## WHAT THE TASK ASKS
Examine each line of the data. Copy those that contain the string "shows".

## STUDY MATERIAL
_ _ _ _
lemma polygon_symmetry_reflect: "polygon_symmetry n (\<lambda>i. (n - i) mod n)"
proof -
  have "bij_betw (\<lambda>i. (n - i) mod n) {..<n} {..<n}"
    by (rule bij_betw_byWitness[where f' = "\<lambda>i. (n - i) mod n"]) (auto simp: mod_if)
  then show ?thesis unfolding polygon_symmetry_def using chords_cross_reflect by blast
qed

locale polygon_triangulation =
  fixes n :: nat and E :: "nat set set"
  assumes simple: "simple_graph {..<n} E"
    and noncrossing: "{i, j} \<in> E \<Longrightarrow> {k, l} \<in> E \<Longrightarrow> \<not> chords_cross i j k l"
    and maximal: "i < n \<Longrightarrow> j < n \<Longrightarrow> i \<noteq> j \<Longrightarrow> {i, j} \<notin> E \<Longrightarrow>
                    \<exists>k l. {k, l} \<in> E \<and> chords_cross i j k l"

lemma polygon_triangulation_image:
  assumes simple: "simple_graph V E" and p: "bij_betw p V {..<n}"
    and noncrossing: "\<And>u v x y. {u, v} \<in> E \<Longrightarrow> {x, y} \<in> E \<Longrightarrow>
                        \<not> chords_cross (p u) (p v) (p x) (p y)"
    and maximal: "\<And>u v. u \<in> V \<Longrightarrow> v \<in> V \<Longrightarrow> u \<noteq> v \<Longrightarrow> {u, v} \<notin> E \<Longrightarrow>
                    \<exists>x y. {x, y} \<in> E \<and> chords_cross (p u) (p v) (p x) (p y)"
  shows "polygon_triangulation n ((`) p ` E)"
proof
  have inj: "inj_on p V" and onto: "p ` V = {..<n}"
    using p by (auto simp: bij_betw_def)
  have edges: "\<forall>e\<in>E. e \<subseteq> V" using simple_graph_edge_subset[OF simple] by blast
  show "simple_graph {..<n} ((`) p ` E)"
    unfolding simple_graph_def
  proof (intro conjI ballI)
    fix e' assume "e' \<in> (`) p ` E"
    then obtain u v where "{u, v} \<in> E" "e' = {p u, p v}"
      using simple unfolding simple_graph_def by auto
    with simple_graph_edgeD[OF simple] inj onto show "\<exists>i j. i \<in> {..<n} \<and> j \<in> {..<n} \<and> i \<noteq> j \<and> e' = {i, j}"
      by (metis image_eqI inj_on_contraD)
  qed simp
  show "\<not> chords_cross i j k l" if "{i, j} \<in> (`) p ` E" "{k, l} \<in> (`) p ` E" for i j k l
    using that noncrossing by (elim image_edgeE[OF simple]) blast
  show "\<exists>k l. {k, l} \<in> (`) p ` E \<and> chords_cross i j k l"
    if ij: "i < n" "j < n" "i \<noteq> j" "{i, j} \<notin> (`) p ` E" for i j
  proof -
    obtain u v where uv: "u \<in> V" "v \<in> V" "i = p u" "j = p v"
      using ij(1,2) onto by (metis imageE lessThan_iff)
    then have "u \<noteq> v" "{u, v} \<notin> E" using ij(3,4) image_edge_iff[OF inj edges] by auto
    then obtain x y where "{x, y} \<in> E" "chords_cross i j (p x) (p y)"
      using maximal uv by blast
    then show ?thesis using image_eqI[of "{p x, p y}" "(`) p" "{x, y}" E] by auto
  qed
qed

lemma maximal_outerplanar_nonedge_crosses:
  assumes mop: "maximal_outerplanar V E" and p: "bij_betw p V {..<card V}"
    and noncrossing: "\<And>u v x y. {u, v} \<in> E \<Longrightarrow> {x, y} \<in> E \<Longrightarrow>
                        \<not> chords_cross (p u) (p v) (p x) (p y)"
    and uv: "u \<in> V" "v \<in> V" "u \<noteq> v" "{u, v} \<notin> E"
  shows "\<exists>x y. {x, y} \<in> E \<and> chords_cross (p u) (p v) (p x) (p y)"
proof -
  have "simple_graph V E"
    using mop unfolding maximal_outerplanar_def outerplanar_def by simp
  then have "simple_graph V (insert {u, v} E)"
    using uv(1-3) unfolding simple_graph_def by auto
  moreover have "\<not> outerplanar V (insert {u, v} E)"
    using mop uv unfolding maximal_outerplanar_def by simp
  ultimately obtain a b x y where ab: "{a, b} \<in> insert {u, v} E" and xy: "{x, y} \<in> insert {u, v} E"
    and cross: "chords_cross (p a) (p b) (p x) (p y)"
    using p unfolding outerplanar_def by meson
  have cross_uv: "chords_cross (p a) (p b) c d = chords_cross (p u) (p v) c d"
    if "{a, b} = {u, v}" for a b c d
    using that chords_cross_swap by (auto simp: doubleton_eq_iff)
  consider "{a, b} = {u, v}" "{x, y} = {u, v}" | "{a, b} = {u, v}" "{x, y} \<in> E"
    | "{a, b} \<in> E" "{x, y} = {u, v}" | "{a, b} \<in> E" "{x, y} \<in> E"
    using ab xy by (meson insert_iff)
  then show ?thesis
  proof cases
    case 1
    then show ?thesis using cross not_chords_cross_same cross_uv chords_cross_sym by metis
  next
    case 2
    then show ?thesis using cross cross_uv by metis
  next
    case 3
    then show ?thesis using cross cross_uv chords_cross_sym by metis
  next
    case 4
    then show ?thesis using cross noncrossing by blast
  qed
qed

context polygon_triangulation
begin

lemma edgeD:
  assumes "{i, j} \<in> E"
  shows "i < n" "j < n" "i \<noteq> j"
  using simple_graph_edgeD[OF simple assms] by auto

lemma edges_subset: "\<forall>e\<in>E. e \<subseteq> {..<n}"
  using simple_graph_edge_subset[OF simple] by blast

lemma edge_Suc:
  assumes "Suc i < n"
  shows "{i, Suc i} \<in> E"
proof (rule ccontr)
  assume "{i, Suc i} \<notin> E"
  then obtain k l where "chords_cross i (Suc i) k l"
    using maximal[of i "Suc i"] assms by auto
  then show False unfolding chords_cross_def Let_def by (auto simp: min_def max_def split: if_splits)
qed

lemma edge_0_last:
  assumes "1 < n"
  shows "{0, n - 1} \<in> E"
proof (rule ccontr)
  assume "{0, n - 1} \<notin> E"
  then obtain k l where "{k, l} \<in> E" "chords_cross 0 (n - 1) k l"
    using maximal[of 0 "n - 1"] assms by auto
  moreover from \<open>{k, l} \<in> E\<close> have "k < n" "l < n" by (auto dest: edgeD)
  ultimately show False unfolding chords_cross_def Let_def by (auto simp: min_def max_def split: if_splits)
qed

lemma interleaved_edges: "a < c \<Longrightarrow> c < b \<Longrightarrow> b < d \<Longrightarrow> {a, b} \<in> E \<Longrightarrow> {c, d} \<notin> E"
  using noncrossing chords_cross_interleaved by blast

lemma consecutive_neighbors_adjacent:
  assumes cx: "{c, x} \<in> E" and cy: "{c, y} \<in> E" and "x < y" and "c < x \<or> y < c"
    and gap: "\<And>z. x < z \<Longrightarrow> z < y \<Longrightarrow> {c, z} \<notin> E"
  shows "{x, y} \<in> E"
proof (rule ccontr)
  assume "{x, y} \<notin> E"
  moreover have "x < n" "y < n" using edgeD(2)[OF cx] edgeD(2)[OF cy] .
  ultimately obtain k l where kl: "{k, l} \<in> E" "chords_cross x y k l"
    using maximal \<open>x < y\<close> by blast
  have "\<not> chords_cross c x k l" "\<not> chords_cross c y k l"
    using noncrossing cx cy kl(1) by auto
  moreover have "\<not> (x < k \<and> k < y \<and> l = c)" "\<not> (x < l \<and> l < y \<and> k = c)"
    using gap kl(1) insert_commute by metis+
  \<comment> \<open>so the edge k l would have to cross c x or c y\<close>
  ultimately show False using kl(2) assms(3,4) unfolding chords_cross_def Let_def
    by (auto simp: min_def max_def split: if_splits)
qed

lemma triangle_apex_between:
  assumes cy: "{c, y} \<in> E" and cp: "{c, p} \<in> E" and "p < y" and "c < p \<or> y < c"
  obtains x where "p \<le> x" "x < y" "{c, x} \<in> E" "{x, y} \<in> E"
proof -
  obtain x where x: "{c, x} \<in> E" "p \<le> x" "x < y" and gap: "\<forall>z. x < z \<and> z < y \<longrightarrow> {c, z} \<notin> E"
    using ex_greatest_nat_below[of "\<lambda>z. {c, z} \<in> E" p y] cp \<open>p < y\<close> by blast
  have "{x, y} \<in> E"
    using consecutive_neighbors_adjacent[OF x(1) cy x(3)] assms(4) x(2) gap by auto
  with x that show thesis by blast
qed

lemma chord_apex:
  assumes xy: "{x, y} \<in> E" and "Suc x < y"
  obtains z where "x < z" "z < y" "{x, z} \<in> E" "{z, y} \<in> E"
proof -
  have "{x, Suc x} \<in> E" using edge_Suc edgeD(2)[OF xy] \<open>Suc x < y\<close> by simp
  then show thesis
    using triangle_apex_between[OF xy _ \<open>Suc x < y\<close>] that by (metis Suc_le_eq lessI)
qed

lemma relabel:
  assumes "polygon_symmetry n \<sigma>"
  shows "polygon_triangulation n ((`) \<sigma> ` E)"
proof (rule polygon_triangulation_image[OF simple])
  have \<sigma>: "bij_betw \<sigma> {..<n} {..<n}"
    and cross: "\<And>a b c d. a < n \<Longrightarrow> b < n \<Longrightarrow> c < n \<Longrightarrow> d < n \<Longrightarrow>
                  chords_cross (\<sigma> a) (\<sigma> b) (\<sigma> c) (\<sigma> d) = chords_cross a b c d"
    using assms unfolding polygon_symmetry_def by auto
  show "bij_betw \<sigma> {..<n} {..<n}" by (fact \<sigma>)
  show "\<not> chords_cross (\<sigma> u) (\<sigma> v) (\<sigma> x) (\<sigma> y)"
    if uv: "{u, v} \<in> E" and xy: "{x, y} \<in> E" for u v x y
    using noncrossing[OF uv xy] cross[OF edgeD(1,2)[OF uv] edgeD(1,2)[OF xy]] by simp
  show "\<exists>x y. {x, y} \<in> E \<and> chords_cross (\<sigma> u) (\<sigma> v) (\<sigma> x) (\<sigma> y)"
    if uv: "u \<in> {..<n}" "v \<in> {..<n}" "u \<noteq> v" "{u, v} \<notin> E" for u v
  proof -
    obtain x y where xy: "{x, y} \<in> E" "chords_cross u v x y"
      using maximal uv by (meson lessThan_iff)
    then show ?thesis using cross[of u v x y] edgeD(1,2)[OF xy(1)] uv(1,2) by auto
  qed
qed

lemma relabel_edge_iff:
  assumes "polygon_symmetry n \<sigma>" "i < n" "j < n"
  shows "{\<sigma> i, \<sigma> j} \<in> (`) \<sigma> ` E \<longleftrightarrow> {i, j} \<in> E"
proof -
  have "inj_on \<sigma> {..<n}" using assms(1) by (simp add: polygon_symmetry_def bij_betw_def)
  then show ?thesis
    using image_edge_iff[OF _ edges_subset] assms(2,3) by simp
qed

lemma has_induced_copy_relabel:
  assumes "polygon_symmetry n \<sigma>" "has_induced_copy {..<n} ((`) \<sigma> ` E) k F"
  shows "has_induced_copy {..<n} E k F"
proof -
  have inj: "inj_on \<sigma> {..<n}" and onto: "\<sigma> ` {..<n} = {..<n}"
    using assms(1) by (simp_all add: polygon_symmetry_def bij_betw_def)
  then show ?thesis
    using has_induced_copy_image[OF inj edges_subset, of k F] assms(2) by simp
qed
_ _ _ _
## TASK OUTPUT
  shows "polygon_triangulation n ((`) p ` E)"
  shows "\<exists>x y. {x, y} \<in> E \<and> chords_cross (p u) (p v) (p x) (p y)"
  shows "i < n" "j < n" "i \<noteq> j"
  shows "{i, Suc i} \<in> E"
  shows "{0, n - 1} \<in> E"
  shows "{x, y} \<in> E"
  shows "polygon_triangulation n ((`) \<sigma> ` E)"
  shows "{\<sigma> i, \<sigma> j} \<in> (`) \<sigma> ` E \<longleftrightarrow> {i, j} \<in> E"
  shows "has_induced_copy {..<n} E k F"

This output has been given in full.